Activity.
Lines to return, exactly: from the line with "unfolding Kstar_kl_def using" to the line with "of None \<Rightarrow>" in the entries below, both included.

Records for processing.
━━━━━━━━━━━━━━━━━━━━

text \<open>On the face \<open>y\<^sub>k - y\<^sub>l = D\<close> of the region, \<open>K \<ge> K\<^sup>*\<^sub>k\<^sub>l\<close> means that the coupling
  beats the frequency difference, so the pair does not separate further.\<close>

lemma field_diff_nonpos_on_face:
  assumes kl: "k \<noteq> l" and y: "y \<in> feasible D E0 k l"
  shows "F y $ k - F y $ l \<le> 0"
proof -
  note m = mkl_pos_le_objective[OF kl y]
  have "Kstar_kl E w D E0 k l \<le> K" using K_ge_Kstar[OF kl] y by blast
  then have "real CARD('n) * \<bar>w $ k - w $ l\<bar> \<le> K * mkl E D E0 k l"
    unfolding Kstar_kl_def using m(1) by (simp add: divide_le_eq)
  also have "\<dots> \<le> K * objective E k l y"
    using m(2) K_pos by (intro mult_left_mono) auto
  finally have "\<bar>w $ k - w $ l\<bar> \<le> K / real CARD('n) * objective E k l y"
    by (simp add: field_simps)
  then show ?thesis using field_diff_objective[of y k l] by linarith
qed

text \<open>On the sphere \<open>energy y = E0\<close> of the region, the second condition on \<open>K\<close> makes the
  energy non-increasing.\<close>

lemma sum_mult_field_nonpos_on_sphere:
  assumes centred: "(\<Sum>i\<in>UNIV. y $ i) = 0" and ey: "energy y = E0"
    and diam: "\<forall>a b. \<bar>y $ a - y $ b\<bar> \<le> D"
  shows "(\<Sum>i\<in>UNIV. y $ i * F y $ i) \<le> 0"
proof -
  have "sigma w * D \<le> K * (sqrt E0 * Lconst E * sin D)"
    using K_ge2 E0_pos Lconst_pos[of E] sin_D_pos by (simp add: divide_le_eq)
  then have "sigma w * D * sqrt E0 \<le> K * (sqrt E0 * Lconst E * sin D) * sqrt E0"
    using E0_pos by (intro mult_right_mono) auto
  then have "sqrt E0 * sigma w \<le> K * Lconst E * (sin D / D) * E0"
    using E0_pos D_pos by (simp add: field_simps)
  then show ?thesis using sum_mult_field_le[OF centred diam D_lt] ey by simp
qed


subsection \<open>Positive invariance\<close>

definition barrier :: "('n \<times> 'n) option \<Rightarrow> real^'n \<Rightarrow> real" where
  "barrier q x = (case q of None \<Rightarrow> energy x / E0 | Some (k, l) \<Rightarrow> (x $ k - x $ l)^2 / D^2)"

definition barrier_rate :: "('n \<times> 'n) option \<Rightarrow> real^'n \<Rightarrow> real" where
  "barrier_rate q x = (case q of
      None \<Rightarrow> (\<Sum>i\<in>UNIV. 2 * x $ i * F x $ i) / E0
    | Some (k, l) \<Rightarrow> 2 * (x $ k - x $ l) * (F x $ k - F x $ l) / D^2)"

lemma has_real_derivative_barrier:
  assumes "0 \<le> t"
  shows "((\<lambda>t. barrier q (phi t)) has_real_derivative barrier_rate q (phi t)) (at t within {0..})"
proof (cases q)
  case None
  have "((\<lambda>t. (\<Sum>i\<in>UNIV. (phi t $ i)^2) / E0) has_real_derivative
      (\<Sum>i\<in>UNIV. 2 * phi t $ i * F (phi t) $ i) / E0) (at t within {0..})"
    using has_real_derivative_phase[OF assms] E0_pos
    by (auto intro!: derivative_eq_intros DERIV_sum simp: mult_ac)
  then show ?thesis using None by (simp add: barrier_def barrier_rate_def energy_def)
next
  case (Some kl)
  then obtain k l where kl: "q = Some (k, l)" by fastforce
  have "((\<lambda>t. (phi t $ k - phi t $ l)^2) has_real_derivative
      2 * (phi t $ k - phi t $ l) * (F (phi t) $ k - F (phi t) $ l)) (at t within {0..})"
    using has_real_derivative_phase[OF assms]
    by (auto intro!: derivative_eq_intros simp: mult_ac)
  then have "((\<lambda>t. (phi t $ k - phi t $ l)^2 / D^2) has_real_derivative
      2 * (phi t $ k - phi t $ l) * (F (phi t) $ k - F (phi t) $ l) / D^2) (at t within {0..})"
    by (rule DERIV_cdivide)
  then show ?thesis using kl by (simp add: barrier_def barrier_rate_def)
qed

lemma barrier_scaleR: "barrier q (c *\<^sub>R x) = c^2 * barrier q x"
  by (cases q) (auto simp: barrier_def energy_def power_mult_distrib sum_distrib_left
      right_diff_distrib[symmetric])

━━━━━━━━━━━━━━━━━━━━

Answer box.
    unfolding Kstar_kl_def using m(1) by (simp add: divide_le_eq)
  also have "\<dots> \<le> K * objective E k l y"
    using m(2) K_pos by (intro mult_left_mono) auto
  finally have "\<bar>w $ k - w $ l\<bar> \<le> K / real CARD('n) * objective E k l y"
    by (simp add: field_simps)
  then show ?thesis using field_diff_objective[of y k l] by linarith
qed

text \<open>On the sphere \<open>energy y = E0\<close> of the region, the second condition on \<open>K\<close> makes the
  energy non-increasing.\<close>

lemma sum_mult_field_nonpos_on_sphere:
  assumes centred: "(\<Sum>i\<in>UNIV. y $ i) = 0" and ey: "energy y = E0"
    and diam: "\<forall>a b. \<bar>y $ a - y $ b\<bar> \<le> D"
  shows "(\<Sum>i\<in>UNIV. y $ i * F y $ i) \<le> 0"
proof -
  have "sigma w * D \<le> K * (sqrt E0 * Lconst E * sin D)"
    using K_ge2 E0_pos Lconst_pos[of E] sin_D_pos by (simp add: divide_le_eq)
  then have "sigma w * D * sqrt E0 \<le> K * (sqrt E0 * Lconst E * sin D) * sqrt E0"
    using E0_pos by (intro mult_right_mono) auto
  then have "sqrt E0 * sigma w \<le> K * Lconst E * (sin D / D) * E0"
    using E0_pos D_pos by (simp add: field_simps)
  then show ?thesis using sum_mult_field_le[OF centred diam D_lt] ey by simp
qed


subsection \<open>Positive invariance\<close>

definition barrier :: "('n \<times> 'n) option \<Rightarrow> real^'n \<Rightarrow> real" where
  "barrier q x = (case q of None \<Rightarrow> energy x / E0 | Some (k, l) \<Rightarrow> (x $ k - x $ l)^2 / D^2)"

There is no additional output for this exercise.